Our phone had a rotary dialer. I first learned my phone number as YE-2-8282828282... eights and twos until I heard a phone ringing on the far end. And if you didn't make it to the phone in time whoever called would remain a mystery, there was no answering machine or caller ID. Making a long distance call meant dialing the operator and asking her to make the connection.
My brother and I were rovers. There was a creek in a wild forested gully a couple blocks from our house and we were over there constantly. We learned so much about bugs and plants, rocks and water, and about ourselves -- what we could do and what we couldn't. My mother fretted because the creek was nicknamed Polio Creek. I pointed out to her that we had been vaccinated for polio at school -- our generation was the first. She still fretted -- worried about bums instead -- but she didn't stop us. And this is an example of technology changing attitudes. Today a mom letting kids rove like we did would incur the wrath of busybody neighbors and Protective Services. This is an example of a surprise consequence of prosperity -- as our society has gotten more prosperous we can afford sillier and sillier worries.
For Christmas vacations we flew in propeller powered planes to far away places like Florida and the Bahamas. At night the engines would look like they were on fire because the carbon monoxide in the exhaust would produce an eerie faint flame. And getting on the plane was as simple as showing you had a ticket and climbing up the passenger stairs they rolled up to the plane.

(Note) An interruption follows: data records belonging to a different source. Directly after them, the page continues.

(* For any finite, connected, pointed, edge-ordered graph $G$ with distinguished vertex $v_0$, the graph $S(G)$ (defined below) is an arborescence.
   Context: A (directed) graph is $(V,\to)$ with $\to\subseteq V\times V$; $N(u)$ is the set of outgoing edges of $u$. A pointed graph has a distinguished vertex $v_0$; connected means every vertex is reachable by a path from $v_0$. A path is a finite sequence $v_1\to\cdots\to v_n$ of vertices joined by edges, with length $|\pi|$; co-initial paths share their source; $\pi\sqsubset\sigma$ means $\pi$ is a proper prefix of $\sigma$. A finite edge-ordered graph is a finite graph with a strict linear order $\triangleleft$ on each neighborhood. Lexicographic path order: if $\pi\sqsubset\sigma$ then $\pi\prec\sigma$ (symmetrically); otherwise, with $\zeta$ the longest common prefix, $u$ its target and $v_1,v_2$ the next vertices, $\pi\prec\sigma$ iff $u\to v_1\triangleleft u\to v_2$. $\min^s(u\rightsquigarrow v)$ is the lexicographically least shortest path from $u$ to $v$. An arborescence is a pointed graph such that for every vertex $u$ there is a unique path $v_0\rightsquigarrow u$. $S(G)$ is the graph with the vertices and distinguished vertex of $G$, containing an edge $u\to v$ iff $u\to v$ is an edge of the path $\min^s(v_0\rightsquigarrow v)$ in $G$, with co-initial edges ordered as in $G$. *)

theory Defs
  imports Main
begin

text \<open>An edge order is given by ord, where ord u v1 v2 means that the edge u -> v1
  precedes the edge u -> v2 in the order on the neighbourhood N(u).\<close>

definition finite_edge_ordered_graph ::
  "'v set \<Rightarrow> ('v \<Rightarrow> 'v \<Rightarrow> bool) \<Rightarrow> ('v \<Rightarrow> 'v \<Rightarrow> 'v \<Rightarrow> bool) \<Rightarrow> bool" where
  "finite_edge_ordered_graph V E ord \<longleftrightarrow>
     finite V \<and> (\<forall>u v. E u v \<longrightarrow> u \<in> V \<and> v \<in> V) \<and>
     (\<forall>u. (\<forall>v. E u v \<longrightarrow> \<not> ord u v v) \<and>
          (\<forall>a b c. E u a \<and> E u b \<and> E u c \<and> ord u a b \<and> ord u b c \<longrightarrow> ord u a c) \<and>
          (\<forall>a b. E u a \<and> E u b \<and> a \<noteq> b \<longrightarrow> ord u a b \<or> ord u b a))"

definition is_path :: "'v set \<Rightarrow> ('v \<Rightarrow> 'v \<Rightarrow> bool) \<Rightarrow> 'v list \<Rightarrow> bool" where
  "is_path V E p \<longleftrightarrow> p \<noteq> [] \<and> set p \<subseteq> V \<and>
     (\<forall>i. Suc i < length p \<longrightarrow> E (p ! i) (p ! Suc i))"

definition path_from_to :: "'v set \<Rightarrow> ('v \<Rightarrow> 'v \<Rightarrow> bool) \<Rightarrow> 'v \<Rightarrow> 'v \<Rightarrow> 'v list \<Rightarrow> bool" where
  "path_from_to V E u v p \<longleftrightarrow> is_path V E p \<and> hd p = u \<and> last p = v"

definition path_len :: "'v list \<Rightarrow> nat" where
  "path_len p = length p - 1"

definition connected_from :: "'v set \<Rightarrow> ('v \<Rightarrow> 'v \<Rightarrow> bool) \<Rightarrow> 'v \<Rightarrow> bool" where
  "connected_from V E v0 \<longleftrightarrow> (\<forall>v\<in>V. \<exists>p. path_from_to V E v0 v p)"

definition path_less :: "('v \<Rightarrow> 'v \<Rightarrow> 'v \<Rightarrow> bool) \<Rightarrow> 'v list \<Rightarrow> 'v list \<Rightarrow> bool" where
  "path_less ord p q \<longleftrightarrow>
     (\<exists>r. r \<noteq> [] \<and> q = p @ r) \<or>
     (\<exists>z v1 v2 r1 r2. z \<noteq> [] \<and> v1 \<noteq> v2 \<and> p = z @ v1 # r1 \<and> q = z @ v2 # r2 \<and>
         ord (last z) v1 v2)"

definition shortest_path :: "'v set \<Rightarrow> ('v \<Rightarrow> 'v \<Rightarrow> bool) \<Rightarrow> 'v \<Rightarrow> 'v \<Rightarrow> 'v list \<Rightarrow> bool" where
  "shortest_path V E u v p \<longleftrightarrow> path_from_to V E u v p \<and>
     (\<forall>q. path_from_to V E u v q \<longrightarrow> path_len p \<le> path_len q)"

text \<open>min^s(u ~> v): the lexicographically least shortest path from u to v.\<close>

definition min_short_path ::
  "'v set \<Rightarrow> ('v \<Rightarrow> 'v \<Rightarrow> bool) \<Rightarrow> ('v \<Rightarrow> 'v \<Rightarrow> 'v \<Rightarrow> bool) \<Rightarrow> 'v \<Rightarrow> 'v \<Rightarrow> 'v list" where
  "min_short_path V E ord u v = (THE p. shortest_path V E u v p \<and>
     (\<forall>q. shortest_path V E u v q \<and> q \<noteq> p \<longrightarrow> path_less ord p q))"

In high school in the 1960's I was one of the advanced students who got to program an IBM 360 with punch cards. And on a plant tour I got to hold a glass jar filled with powdered Plutonium! Another student's father was manufacturing ultra high vacuum chambers and somehow the plutonium was useful for that.
In the 1970's while I was at MIT I got one of the first water beds. The girls I dated loved it almost as much as I did. The state-of-the-art computers were now minicomputers and had table-sized hard disk drives attached. Some MIT hackers (a word with good connotations in the MIT community) invented Space War, one of the first computer games to use real-time video and game controllers.
Times have changed.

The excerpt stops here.